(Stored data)
(* Let $I_1\subset\mathbb{R}$ be an open interval and $I_2$ an open, relatively compact subinterval of $I_1$. For every integer $n\ge1$ and every $\varepsilon>0$ there exists $\delta>0$ such that for every $C^1$ map $h:I_1\to\mathbb{R}$ with $\|h-\mathrm{id}\|_{1,I_1}<\delta$ and every $x\in I_2$, the iterate $h^n(x)$ is defined and $$|(h^n(x)-x)-n(h(x)-x)|\le\varepsilon\,|h(x)-x|.$$
   Context: For an open set $J\subset\mathbb{R}$ and a $C^1$ map $u$ on $J$, $\|u\|_{1,J}=\sup_{x\in J}(|u(x)|+|u'(x)|)$. *)

theory Defs
  imports "HOL-Analysis.Analysis"
begin

definition C1_norm :: "real set \<Rightarrow> (real \<Rightarrow> real) \<Rightarrow> real" where
  "C1_norm J u = (SUP x\<in>J. \<bar>u x\<bar> + \<bar>deriv u x\<bar>)"

definition C1_norm_finite :: "real set \<Rightarrow> (real \<Rightarrow> real) \<Rightarrow> bool" where
  "C1_norm_finite J u = bdd_above ((\<lambda>x. \<bar>u x\<bar> + \<bar>deriv u x\<bar>) ` J)"

end

theory Submission
  imports Defs
begin

text \<open>
  Write the C1-perturbation of the identity as h = id + g.  A small C1 norm of g on the
  convex open set I1 means that g is uniformly small and, by the mean value inequality,
  Lipschitz with a small constant.  Everything else is a statement about iterating a map
  y \<mapsto> y + g y, which we prove in an arbitrary normed vector space:
  (1) if every step moves points by at most \<delta>, the first k iterates of x stay within
      distance k\<delta> of x, hence inside any ball around x of radius larger than k\<delta>;
  (2) if g is L-Lipschitz with L \<le> 1 along the orbit, the k-th iterate is at distance
      at most (2^k - 1) |g x| from x;
  (3) telescoping, h^n x - x - n (h x - x) is the sum of g(h^k x) - g x over k < n,
      which by (2) is bounded by L n 2^n |g x|.
  The theorem follows by choosing \<delta> small compared with the distance from the closure
  of I2 to the boundary of I1 (a compactness argument) and with \<epsilon> / (n 2^n).
\<close>

lemma C1_norm_pointwise:
  assumes "C1_norm_finite J u" and "y \<in> J"
  shows "\<bar>u y\<bar> + \<bar>deriv u y\<bar> \<le> C1_norm J u"
  using assms unfolding C1_norm_def C1_norm_finite_def by (rule cSUP_upper[rotated])

lemma C1_norm_small_imp_bounded_lipschitz:
  fixes u :: "real \<Rightarrow> real"
  assumes C1: "u C1_differentiable_on J" and "convex J"
    and fin: "C1_norm_finite J u" and le: "C1_norm J u \<le> L" and "0 \<le> L"
  shows "\<forall>y\<in>J. \<bar>u y\<bar> \<le> L" and "L-lipschitz_on J u"
proof -
  have pointwise: "\<bar>u y\<bar> + \<bar>deriv u y\<bar> \<le> L" if "y \<in> J" for y
    using C1_norm_pointwise[OF fin that] le by linarith
  then show "\<forall>y\<in>J. \<bar>u y\<bar> \<le> L" by fastforce
  obtain D where D: "\<And>y. y \<in> J \<Longrightarrow> (u has_vector_derivative D y) (at y)"
    using C1 unfolding C1_differentiable_on_def by blast
  have deriv_u: "(u has_field_derivative D y) (at y within J)" if "y \<in> J" for y
    using has_vector_derivative_at_within[OF D[OF that]]
    by (simp add: has_real_derivative_iff_has_vector_derivative)
  have "\<bar>D y\<bar> \<le> L" if "y \<in> J" for y
    using pointwise[OF that] DERIV_imp_deriv[OF D[OF that, unfolded has_real_derivative_iff_has_vector_derivative[symmetric]]]
    by simp
  then show "L-lipschitz_on J u"
    using field_differentiable_bound[OF \<open>convex J\<close> deriv_u] \<open>0 \<le> L\<close>
    by (auto simp: lipschitz_on_def dist_real_def)
qed

lemma iterate_displacement_le:
  fixes h :: "'a::real_normed_vector \<Rightarrow> 'a"
  assumes step: "\<forall>y\<in>J. norm (h y - y) \<le> \<delta>" and "0 \<le> \<delta>"
    and ball: "ball x r \<subseteq> J" and "real k * \<delta> < r"
  shows "norm ((h ^^ k) x - x) \<le> real k * \<delta>"
  using \<open>real k * \<delta> < r\<close>
proof (induction k)
  case 0
  then show ?case by simp
next
  case (Suc k)
  have "real k * \<delta> < r" using Suc.prems \<open>0 \<le> \<delta>\<close> by (simp add: algebra_simps)
  with Suc.IH have near: "norm ((h ^^ k) x - x) \<le> real k * \<delta>" by simp
  with \<open>real k * \<delta> < r\<close> have "(h ^^ k) x \<in> J"
    using ball by (auto simp: dist_norm norm_minus_commute)
  then have "norm (h ((h ^^ k) x) - (h ^^ k) x) \<le> \<delta>" using step by blast
  then have "norm ((h ^^ Suc k) x - x) \<le> norm ((h ^^ k) x - x) + \<delta>"
    using norm_triangle_ineq[of "h ((h ^^ k) x) - (h ^^ k) x" "(h ^^ k) x - x"] by simp
  with near show ?case by (simp add: algebra_simps)
qed

corollary iterate_in_ball:
  fixes h :: "'a::real_normed_vector \<Rightarrow> 'a"
  assumes "\<forall>y\<in>J. norm (h y - y) \<le> \<delta>" and "0 \<le> \<delta>"
    and "ball x r \<subseteq> J" and "real k * \<delta> < r"
  shows "(h ^^ k) x \<in> J"
proof -
  have "norm ((h ^^ k) x - x) < r"
    using iterate_displacement_le[OF assms] assms(4) by linarith
  then show ?thesis using assms(3) by (auto simp: dist_norm norm_minus_commute)
qed

text \<open>If the displacement g y = h y - y is L-Lipschitz (L \<le> 1) on a set containing the first
  k points of the orbit of x, each step at most doubles the distance to x plus |g x|, so the
  k-th iterate lies within (2^k - 1) |g x| of x.\<close>
lemma iterate_displacement_growth:
  fixes h :: "'a::real_normed_vector \<Rightarrow> 'a"
  assumes lip: "L-lipschitz_on J (\<lambda>y. h y - y)" and "L \<le> 1"
    and orbit: "\<And>j. j < k \<Longrightarrow> (h ^^ j) x \<in> J"
  shows "norm ((h ^^ k) x - x) \<le> (2 ^ k - 1) * norm (h x - x)"
  using orbit
proof (induction k)
  case 0
  then show ?case by simp
next
  case (Suc k)
  let ?y = "(h ^^ k) x" and ?gx = "norm (h x - x)"
  have IH: "norm (?y - x) \<le> (2 ^ k - 1) * ?gx" using Suc by simp
  have "?y \<in> J" "x \<in> J" using Suc.prems[of k] Suc.prems[of 0] by auto
  then have "norm ((h ?y - ?y) - (h x - x)) \<le> L * norm (?y - x)"
    using lip by (auto simp: lipschitz_on_def dist_norm)
  also have "\<dots> \<le> norm (?y - x)"
    using \<open>L \<le> 1\<close> by (simp add: mult_left_le_one_le lipschitz_on_nonneg[OF lip])
  finally have "norm (h ?y - ?y) \<le> norm (?y - x) + ?gx"
    using norm_triangle_ineq2[of "h ?y - ?y" "h x - x"] by linarith
  moreover have "norm ((h ^^ Suc k) x - x) \<le> norm (h ?y - ?y) + norm (?y - x)"
    using norm_triangle_ineq[of "h ?y - ?y" "?y - x"] by simp
  ultimately have "norm ((h ^^ Suc k) x - x) \<le> 2 * norm (?y - x) + ?gx" by linarith
  also have "\<dots> \<le> (2 ^ Suc k - 1) * ?gx" using IH by (simp add: algebra_simps)
  finally show ?case .
qed

text \<open>Main estimate: after n steps, h^n x - x differs from n (h x - x) by at most
  L n 2^n |h x - x|.  The difference telescopes into the sum of g(h^k x) - g x over k < n.\<close>
lemma iterate_linear_deviation:
  fixes h :: "'a::real_normed_vector \<Rightarrow> 'a"
  assumes lip: "L-lipschitz_on J (\<lambda>y. h y - y)" and "L \<le> 1"
    and orbit: "\<And>j. j < n \<Longrightarrow> (h ^^ j) x \<in> J"
  shows "norm (((h ^^ n) x - x) - real n *\<^sub>R (h x - x)) \<le> L * real n * 2 ^ n * norm (h x - x)"
proof -
  define g where "g y = h y - y" for y
  have "(h ^^ n) x - x = (\<Sum>k<n. (h ^^ Suc k) x - (h ^^ k) x)"
    using sum_lessThan_telescope[of "\<lambda>k. (h ^^ k) x" n] by simp
  then have "((h ^^ n) x - x) - real n *\<^sub>R (h x - x) = (\<Sum>k<n. g ((h ^^ k) x) - g x)"
    by (simp add: sum_subtractf g_def scaleR_diff_right sum_constant_scaleR)
  then have "norm (((h ^^ n) x - x) - real n *\<^sub>R (h x - x)) \<le> (\<Sum>k<n. norm (g ((h ^^ k) x) - g x))"
    by (simp add: norm_sum)
  also have "\<dots> \<le> (\<Sum>k<n. L * (2 ^ n * norm (g x)))"
  proof (rule sum_mono)
    fix k assume "k \<in> {..<n}"
    then have "k < n" by simp
    have "(h ^^ k) x \<in> J" "x \<in> J" using orbit[of k] orbit[of 0] \<open>k < n\<close> by auto
    then have "norm (g ((h ^^ k) x) - g x) \<le> L * norm ((h ^^ k) x - x)"
      using lip by (auto simp: lipschitz_on_def dist_norm g_def)
    also have "\<dots> \<le> L * ((2 ^ k - 1) * norm (g x))"
      using iterate_displacement_growth[OF lip \<open>L \<le> 1\<close>, of k x] orbit \<open>k < n\<close>
      by (simp add: mult_left_mono lipschitz_on_nonneg[OF lip] g_def)
    also have "\<dots> \<le> L * (2 ^ n * norm (g x))"
    proof -
      have "(2::real) ^ k \<le> 2 ^ n" using \<open>k < n\<close> by (intro power_increasing) auto
      then have "(2::real) ^ k - 1 \<le> 2 ^ n" by linarith
      then show ?thesis
        by (intro mult_left_mono mult_right_mono) (auto simp: lipschitz_on_nonneg[OF lip])
    qed
    finally show "norm (g ((h ^^ k) x) - g x) \<le> L * (2 ^ n * norm (g x))" .
  qed
  also have "\<dots> = L * real n * 2 ^ n * norm (h x - x)" by (simp add: g_def)
  finally show ?thesis .
qed

lemma C1_small_iterate_estimate:
  fixes h :: "real \<Rightarrow> real"
  assumes "convex J" and "h C1_differentiable_on J"
    and "C1_norm_finite J (\<lambda>y. h y - y)" and "C1_norm J (\<lambda>y. h y - y) < \<delta>"
    and "0 < \<delta>" and "\<delta> \<le> 1" and "ball x r \<subseteq> J" and "real n * \<delta> < r"
  shows "\<forall>k<n. (h ^^ k) x \<in> J"
    and "\<bar>((h ^^ n) x - x) - real n * (h x - x)\<bar> \<le> \<delta> * real n * 2 ^ n * \<bar>h x - x\<bar>"
proof -
  have small: "\<forall>y\<in>J. \<bar>h y - y\<bar> \<le> \<delta>" and lip: "\<delta>-lipschitz_on J (\<lambda>y. h y - y)"
    using C1_norm_small_imp_bounded_lipschitz[of "\<lambda>y. h y - y" J \<delta>] assms by auto
  have orbit: "(h ^^ k) x \<in> J" if "k < n" for k
  proof (rule iterate_in_ball[of J h \<delta>])
    have "real k * \<delta> \<le> real n * \<delta>" using \<open>k < n\<close> \<open>0 < \<delta>\<close> by simp
    then show "real k * \<delta> < r" using \<open>real n * \<delta> < r\<close> by linarith
  qed (use small assms in auto)
  then show "\<forall>k<n. (h ^^ k) x \<in> J" by blast
  show "\<bar>((h ^^ n) x - x) - real n * (h x - x)\<bar> \<le> \<delta> * real n * 2 ^ n * \<bar>h x - x\<bar>"
    using iterate_linear_deviation[OF lip \<open>\<delta> \<le> 1\<close>, of n x] orbit by simp
qed

theorem lemma3p10:
  fixes I1 I2 :: "real set" and n :: nat and \<epsilon> :: real
  assumes "open I1" and "is_interval I1" and "I1 \<noteq> {}"
    and "open I2" and "is_interval I2"
    and "compact (closure I2)" and "closure I2 \<subseteq> I1"
    and "n \<ge> 1" and "\<epsilon> > 0"
  shows "\<exists>\<delta>>0. \<forall>h :: real \<Rightarrow> real.
           h C1_differentiable_on I1 \<and>
           C1_norm_finite I1 (\<lambda>x. h x - x) \<and> C1_norm I1 (\<lambda>x. h x - x) < \<delta> \<longrightarrow>
           (\<forall>x\<in>I2. (\<forall>k<n. (h ^^ k) x \<in> I1) \<and>
              \<bar>((h ^^ n) x - x) - real n * (h x - x)\<bar> \<le> \<epsilon> * \<bar>h x - x\<bar>)"
proof -
  obtain r where "r > 0" and balls: "(\<Union>x\<in>closure I2. ball x r) \<subseteq> I1"
    using compact_subset_open_imp_ball_epsilon_subset[OF assms(6,1,7)] by blast
  define \<delta> where "\<delta> = min 1 (min (r / (real n + 1)) (\<epsilon> / (real n * 2 ^ n + 1)))"
  have "\<delta> > 0" "\<delta> \<le> 1" using \<open>r > 0\<close> \<open>\<epsilon> > 0\<close> by (auto simp: \<delta>_def add_nonneg_pos)
  have "\<delta> \<le> r / (real n + 1)" by (simp add: \<delta>_def)
  then have "(real n + 1) * \<delta> \<le> r" by (simp add: field_simps)
  then have n_steps: "real n * \<delta> < r" using \<open>\<delta> > 0\<close> by (simp add: algebra_simps)
  have "\<delta> \<le> \<epsilon> / (real n * 2 ^ n + 1)" by (simp add: \<delta>_def)
  then have "(real n * 2 ^ n + 1) * \<delta> \<le> \<epsilon>"
    by (simp add: pos_le_divide_eq add_nonneg_pos mult.commute)
  then have deviation: "\<delta> * real n * 2 ^ n \<le> \<epsilon>" using \<open>\<delta> > 0\<close> by (simp add: algebra_simps)
  have "(\<forall>k<n. (h ^^ k) x \<in> I1) \<and>
      \<bar>((h ^^ n) x - x) - real n * (h x - x)\<bar> \<le> \<epsilon> * \<bar>h x - x\<bar>"
    if "h C1_differentiable_on I1" "C1_norm_finite I1 (\<lambda>x. h x - x)"
      "C1_norm I1 (\<lambda>x. h x - x) < \<delta>" and "x \<in> I2" for h :: "real \<Rightarrow> real" and x
  proof -
    have "ball x r \<subseteq> I1" using balls closure_subset \<open>x \<in> I2\<close> by blast
    note estimate = C1_small_iterate_estimate[OF is_interval_convex[OF assms(2)] that(1-3)
        \<open>\<delta> > 0\<close> \<open>\<delta> \<le> 1\<close> this n_steps]
    have "\<delta> * real n * 2 ^ n * \<bar>h x - x\<bar> \<le> \<epsilon> * \<bar>h x - x\<bar>"
      using deviation by (simp add: mult_right_mono)
    with estimate show ?thesis by (meson order_trans)
  qed
  then show ?thesis using \<open>\<delta> > 0\<close> by blast
qed

end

-- What you need to do --
Lines from the one with "- x\<bar> \<le>" through the last line above must be printed exactly; no other line is to appear.

-- Output of the exercise --
    have "\<delta> * real n * 2 ^ n * \<bar>h x - x\<bar> \<le> \<epsilon> * \<bar>h x - x\<bar>"
      using deviation by (simp add: mult_right_mono)
    with estimate show ?thesis by (meson order_trans)
  qed
  then show ?thesis using \<open>\<delta> > 0\<close> by blast
qed

end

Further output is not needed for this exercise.